Collected data entries

(* Let $G$ be a group and $S\subseteq G$ a conjugation invariant generating set of $G$. Suppose there exist homogeneous quasi-morphisms $q_1,\dots,q_m:G\to\mathbb{R}$ which are linearly independent (as elements of the real vector space of functions $G\to\mathbb R$) and each of which is bounded on $S$. Then there is a quasi-isometric embedding of $\mathbb{Z}^m$ into $\mathrm{Cay}(G,S)$.
   Context: A quasi-morphism is a function $q:G\to\mathbb{R}$ with $\sup_{g,h\in G}|q(gh)-q(g)-q(h)|<\infty$ (this supremum is the defect); it is homogeneous if $q(g^k)=kq(g)$ for all $g\in G$, $k\in\mathbb{Z}$. $S$ is conjugation invariant if $gsg^{-1}\in S$ for all $g\in G$, $s\in S$. $\mathrm{Cay}(G,S)$ is the graph with vertex set $G$ and an (undirected) edge between $g$ and $sg$ for every $g\in G$, $s\in S$, with the path metric in which edges have length $1$. $\mathbb{Z}^m$ carries the $\ell^1$ metric. A map $f$ between metric spaces is a quasi-isometric embedding if there are $K\ge1,C\ge0$ with $\frac1K d(x,y)-C\le d(f(x),f(y))\le Kd(x,y)+C$. *)

theory Defs
  imports "HOL-Algebra.Algebra"
begin

definition quasi_morphism :: "('a, 'b) monoid_scheme \<Rightarrow> ('a \<Rightarrow> real) \<Rightarrow> bool" where
  "quasi_morphism G q \<longleftrightarrow>
     (\<exists>D. \<forall>g\<in>carrier G. \<forall>h\<in>carrier G. \<bar>q (g \<otimes>\<^bsub>G\<^esub> h) - q g - q h\<bar> \<le> D)"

TRY IT: Write the data back out verbatim.

RESULT:
(* Let $G$ be a group and $S\subseteq G$ a conjugation invariant generating set of $G$. Suppose there exist homogeneous quasi-morphisms $q_1,\dots,q_m:G\to\mathbb{R}$ which are linearly independent (as elements of the real vector space of functions $G\to\mathbb R$) and each of which is bounded on $S$. Then there is a quasi-isometric embedding of $\mathbb{Z}^m$ into $\mathrm{Cay}(G,S)$.
   Context: A quasi-morphism is a function $q:G\to\mathbb{R}$ with $\sup_{g,h\in G}|q(gh)-q(g)-q(h)|<\infty$ (this supremum is the defect); it is homogeneous if $q(g^k)=kq(g)$ for all $g\in G$, $k\in\mathbb{Z}$. $S$ is conjugation invariant if $gsg^{-1}\in S$ for all $g\in G$, $s\in S$. $\mathrm{Cay}(G,S)$ is the graph with vertex set $G$ and an (undirected) edge between $g$ and $sg$ for every $g\in G$, $s\in S$, with the path metric in which edges have length $1$. $\mathbb{Z}^m$ carries the $\ell^1$ metric. A map $f$ between metric spaces is a quasi-isometric embedding if there are $K\ge1,C\ge0$ with $\frac1K d(x,y)-C\le d(f(x),f(y))\le Kd(x,y)+C$. *)

theory Defs
  imports "HOL-Algebra.Algebra"
begin

definition quasi_morphism :: "('a, 'b) monoid_scheme \<Rightarrow> ('a \<Rightarrow> real) \<Rightarrow> bool" where
  "quasi_morphism G q \<longleftrightarrow>
     (\<exists>D. \<forall>g\<in>carrier G. \<forall>h\<in>carrier G. \<bar>q (g \<otimes>\<^bsub>G\<^esub> h) - q g - q h\<bar> \<le> D)"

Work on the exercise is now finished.